Stored data entries.
==============================
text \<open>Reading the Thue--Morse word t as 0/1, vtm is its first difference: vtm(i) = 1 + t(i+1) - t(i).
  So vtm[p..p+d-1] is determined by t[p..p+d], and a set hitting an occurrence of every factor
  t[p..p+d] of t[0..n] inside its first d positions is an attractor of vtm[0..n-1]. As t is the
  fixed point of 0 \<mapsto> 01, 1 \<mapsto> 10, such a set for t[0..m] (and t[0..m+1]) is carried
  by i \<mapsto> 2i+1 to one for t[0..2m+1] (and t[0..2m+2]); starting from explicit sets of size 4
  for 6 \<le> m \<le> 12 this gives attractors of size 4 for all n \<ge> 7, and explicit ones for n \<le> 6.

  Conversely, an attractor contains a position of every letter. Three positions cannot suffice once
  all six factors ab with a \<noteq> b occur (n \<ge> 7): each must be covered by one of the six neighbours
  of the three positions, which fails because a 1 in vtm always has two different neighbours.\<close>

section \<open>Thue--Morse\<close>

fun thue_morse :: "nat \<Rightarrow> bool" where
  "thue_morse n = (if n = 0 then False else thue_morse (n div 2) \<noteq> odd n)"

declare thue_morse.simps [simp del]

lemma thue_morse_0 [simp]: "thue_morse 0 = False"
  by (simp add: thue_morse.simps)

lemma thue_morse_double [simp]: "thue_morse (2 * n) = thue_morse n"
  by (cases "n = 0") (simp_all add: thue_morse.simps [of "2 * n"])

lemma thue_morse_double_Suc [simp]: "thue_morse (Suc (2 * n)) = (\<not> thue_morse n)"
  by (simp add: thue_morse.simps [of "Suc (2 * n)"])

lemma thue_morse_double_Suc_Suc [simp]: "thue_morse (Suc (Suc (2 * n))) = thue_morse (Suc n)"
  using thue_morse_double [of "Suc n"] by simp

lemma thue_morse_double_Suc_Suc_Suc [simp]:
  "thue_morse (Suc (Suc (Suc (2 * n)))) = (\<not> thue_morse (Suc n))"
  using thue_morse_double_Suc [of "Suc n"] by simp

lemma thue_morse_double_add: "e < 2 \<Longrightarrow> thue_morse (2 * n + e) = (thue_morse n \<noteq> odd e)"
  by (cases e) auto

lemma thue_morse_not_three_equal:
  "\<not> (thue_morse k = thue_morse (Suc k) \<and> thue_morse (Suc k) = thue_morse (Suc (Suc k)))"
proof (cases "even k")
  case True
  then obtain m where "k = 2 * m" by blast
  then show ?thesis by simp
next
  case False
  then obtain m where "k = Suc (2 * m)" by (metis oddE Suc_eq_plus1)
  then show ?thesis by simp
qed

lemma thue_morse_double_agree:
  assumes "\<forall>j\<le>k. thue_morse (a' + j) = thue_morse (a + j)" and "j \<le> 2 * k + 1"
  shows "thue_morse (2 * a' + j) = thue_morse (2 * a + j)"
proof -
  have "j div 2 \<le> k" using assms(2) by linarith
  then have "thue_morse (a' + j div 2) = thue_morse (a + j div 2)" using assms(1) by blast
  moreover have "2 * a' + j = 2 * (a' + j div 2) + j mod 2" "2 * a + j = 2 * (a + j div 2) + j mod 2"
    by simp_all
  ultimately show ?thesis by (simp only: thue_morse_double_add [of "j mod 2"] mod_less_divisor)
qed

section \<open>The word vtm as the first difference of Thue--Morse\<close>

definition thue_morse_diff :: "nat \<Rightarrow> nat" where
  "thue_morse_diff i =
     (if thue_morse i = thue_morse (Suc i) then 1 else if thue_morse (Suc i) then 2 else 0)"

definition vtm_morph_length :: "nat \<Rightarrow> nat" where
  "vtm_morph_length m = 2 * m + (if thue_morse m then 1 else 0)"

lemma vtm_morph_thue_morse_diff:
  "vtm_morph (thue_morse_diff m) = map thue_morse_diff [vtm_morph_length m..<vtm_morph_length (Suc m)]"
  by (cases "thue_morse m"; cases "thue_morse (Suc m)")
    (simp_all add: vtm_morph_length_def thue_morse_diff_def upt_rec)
==============================
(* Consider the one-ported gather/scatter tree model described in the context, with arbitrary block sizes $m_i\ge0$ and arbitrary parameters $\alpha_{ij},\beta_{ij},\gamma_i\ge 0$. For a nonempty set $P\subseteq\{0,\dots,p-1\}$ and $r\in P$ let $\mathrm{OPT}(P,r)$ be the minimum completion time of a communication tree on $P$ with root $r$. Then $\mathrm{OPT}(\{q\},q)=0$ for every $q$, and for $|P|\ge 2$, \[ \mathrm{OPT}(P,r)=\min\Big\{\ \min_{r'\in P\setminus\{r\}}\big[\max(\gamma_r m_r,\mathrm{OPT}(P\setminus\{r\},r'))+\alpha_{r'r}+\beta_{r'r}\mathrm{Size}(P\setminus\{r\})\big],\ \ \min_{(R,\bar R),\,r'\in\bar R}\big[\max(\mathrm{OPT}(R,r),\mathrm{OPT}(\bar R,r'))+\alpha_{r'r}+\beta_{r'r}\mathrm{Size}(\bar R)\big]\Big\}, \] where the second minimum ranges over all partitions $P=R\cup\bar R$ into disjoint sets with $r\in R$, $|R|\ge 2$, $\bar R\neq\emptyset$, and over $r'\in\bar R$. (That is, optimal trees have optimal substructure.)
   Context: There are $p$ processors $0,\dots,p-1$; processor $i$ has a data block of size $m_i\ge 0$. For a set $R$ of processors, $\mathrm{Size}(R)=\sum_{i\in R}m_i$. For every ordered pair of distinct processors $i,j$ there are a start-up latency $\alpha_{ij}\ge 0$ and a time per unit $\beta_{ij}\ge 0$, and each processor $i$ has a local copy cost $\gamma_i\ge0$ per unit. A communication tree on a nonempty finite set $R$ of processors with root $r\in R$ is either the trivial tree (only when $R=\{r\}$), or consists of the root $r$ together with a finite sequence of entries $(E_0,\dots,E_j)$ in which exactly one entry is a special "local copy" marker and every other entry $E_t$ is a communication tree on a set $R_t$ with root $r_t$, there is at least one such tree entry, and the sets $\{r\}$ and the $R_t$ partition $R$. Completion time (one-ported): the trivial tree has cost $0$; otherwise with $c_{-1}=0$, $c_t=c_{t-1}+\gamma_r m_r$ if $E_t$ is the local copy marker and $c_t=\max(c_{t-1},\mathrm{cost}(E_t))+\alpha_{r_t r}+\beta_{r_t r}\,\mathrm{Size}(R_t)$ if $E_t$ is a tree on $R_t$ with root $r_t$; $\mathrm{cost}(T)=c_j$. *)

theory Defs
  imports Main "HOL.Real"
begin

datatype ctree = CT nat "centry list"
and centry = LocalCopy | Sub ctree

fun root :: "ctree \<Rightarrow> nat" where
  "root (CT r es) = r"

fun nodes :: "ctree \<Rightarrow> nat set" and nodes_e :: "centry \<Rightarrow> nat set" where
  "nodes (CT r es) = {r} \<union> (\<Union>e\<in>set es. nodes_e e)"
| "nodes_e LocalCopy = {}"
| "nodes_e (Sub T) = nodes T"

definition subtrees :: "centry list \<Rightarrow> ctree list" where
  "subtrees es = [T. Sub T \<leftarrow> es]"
==============================
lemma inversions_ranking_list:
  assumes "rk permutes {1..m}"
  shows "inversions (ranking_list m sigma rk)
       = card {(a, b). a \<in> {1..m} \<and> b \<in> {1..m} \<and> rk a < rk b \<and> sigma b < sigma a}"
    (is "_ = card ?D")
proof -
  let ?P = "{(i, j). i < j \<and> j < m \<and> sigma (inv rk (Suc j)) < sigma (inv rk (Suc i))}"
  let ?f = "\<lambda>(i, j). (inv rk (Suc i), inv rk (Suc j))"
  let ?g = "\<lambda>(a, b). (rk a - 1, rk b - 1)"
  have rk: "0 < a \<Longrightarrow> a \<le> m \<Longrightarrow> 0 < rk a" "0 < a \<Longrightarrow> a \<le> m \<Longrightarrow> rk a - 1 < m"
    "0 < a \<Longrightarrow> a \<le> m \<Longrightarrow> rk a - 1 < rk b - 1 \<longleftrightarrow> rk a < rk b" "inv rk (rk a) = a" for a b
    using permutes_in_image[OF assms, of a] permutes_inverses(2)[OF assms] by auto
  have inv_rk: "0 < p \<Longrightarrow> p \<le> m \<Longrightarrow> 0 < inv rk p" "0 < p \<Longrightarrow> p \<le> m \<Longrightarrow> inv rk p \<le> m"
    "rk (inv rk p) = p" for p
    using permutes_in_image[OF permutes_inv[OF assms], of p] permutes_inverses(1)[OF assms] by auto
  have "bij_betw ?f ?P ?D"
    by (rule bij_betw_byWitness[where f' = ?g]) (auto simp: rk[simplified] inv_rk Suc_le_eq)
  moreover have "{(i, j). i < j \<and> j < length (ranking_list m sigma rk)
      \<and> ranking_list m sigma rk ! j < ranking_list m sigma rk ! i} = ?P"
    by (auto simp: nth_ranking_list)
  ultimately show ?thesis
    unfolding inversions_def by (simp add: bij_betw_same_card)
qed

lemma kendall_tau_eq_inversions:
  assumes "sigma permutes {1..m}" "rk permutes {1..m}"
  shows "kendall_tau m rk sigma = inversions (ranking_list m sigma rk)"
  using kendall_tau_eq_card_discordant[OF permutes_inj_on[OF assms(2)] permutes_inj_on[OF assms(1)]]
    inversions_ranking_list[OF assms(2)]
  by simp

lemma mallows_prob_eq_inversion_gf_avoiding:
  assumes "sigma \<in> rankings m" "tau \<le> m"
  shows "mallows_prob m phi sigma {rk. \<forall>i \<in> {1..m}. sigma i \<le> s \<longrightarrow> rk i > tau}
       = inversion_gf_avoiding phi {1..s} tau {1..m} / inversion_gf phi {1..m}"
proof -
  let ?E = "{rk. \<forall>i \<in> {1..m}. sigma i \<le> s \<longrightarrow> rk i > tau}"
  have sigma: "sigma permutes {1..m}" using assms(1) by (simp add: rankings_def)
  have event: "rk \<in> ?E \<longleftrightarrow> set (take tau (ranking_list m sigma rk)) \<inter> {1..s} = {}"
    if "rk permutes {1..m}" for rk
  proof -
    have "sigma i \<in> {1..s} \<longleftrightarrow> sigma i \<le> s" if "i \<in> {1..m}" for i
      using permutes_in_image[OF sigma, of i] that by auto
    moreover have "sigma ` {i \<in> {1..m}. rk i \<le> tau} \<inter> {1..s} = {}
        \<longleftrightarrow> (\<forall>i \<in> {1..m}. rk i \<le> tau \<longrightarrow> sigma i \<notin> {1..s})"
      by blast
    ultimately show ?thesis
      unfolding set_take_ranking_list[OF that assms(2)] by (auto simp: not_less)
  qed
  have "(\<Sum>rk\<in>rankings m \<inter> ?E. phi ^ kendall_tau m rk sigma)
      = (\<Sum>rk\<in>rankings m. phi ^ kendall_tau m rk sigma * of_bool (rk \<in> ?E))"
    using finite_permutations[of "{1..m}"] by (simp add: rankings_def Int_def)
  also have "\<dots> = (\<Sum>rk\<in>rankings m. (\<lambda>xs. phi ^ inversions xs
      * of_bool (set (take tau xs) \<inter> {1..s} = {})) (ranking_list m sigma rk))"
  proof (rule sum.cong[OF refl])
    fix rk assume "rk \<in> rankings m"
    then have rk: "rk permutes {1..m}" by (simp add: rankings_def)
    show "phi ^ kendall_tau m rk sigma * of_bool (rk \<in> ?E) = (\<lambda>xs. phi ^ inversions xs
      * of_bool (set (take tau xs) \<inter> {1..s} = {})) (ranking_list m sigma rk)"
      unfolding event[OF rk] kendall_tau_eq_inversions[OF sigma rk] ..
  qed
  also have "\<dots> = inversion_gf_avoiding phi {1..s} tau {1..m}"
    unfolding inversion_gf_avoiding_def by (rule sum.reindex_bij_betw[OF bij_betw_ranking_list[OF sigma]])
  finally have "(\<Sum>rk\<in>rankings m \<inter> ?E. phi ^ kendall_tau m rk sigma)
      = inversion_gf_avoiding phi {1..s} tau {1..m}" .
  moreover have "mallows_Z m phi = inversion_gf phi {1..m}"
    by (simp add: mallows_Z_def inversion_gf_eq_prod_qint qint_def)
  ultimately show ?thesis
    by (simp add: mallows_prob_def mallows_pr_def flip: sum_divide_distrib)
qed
==============================
Aim of the task. All lines above from the line with "n))) = thue_morse" through the line with "using thue_morse_double_Suc [of", both included, are to be set down exactly, with nothing else.

Written reply.
lemma thue_morse_double_Suc_Suc [simp]: "thue_morse (Suc (Suc (2 * n))) = thue_morse (Suc n)"
  using thue_morse_double [of "Suc n"] by simp

lemma thue_morse_double_Suc_Suc_Suc [simp]:
  "thue_morse (Suc (Suc (Suc (2 * n)))) = (\<not> thue_morse (Suc n))"
  using thue_morse_double_Suc [of "Suc n"] by simp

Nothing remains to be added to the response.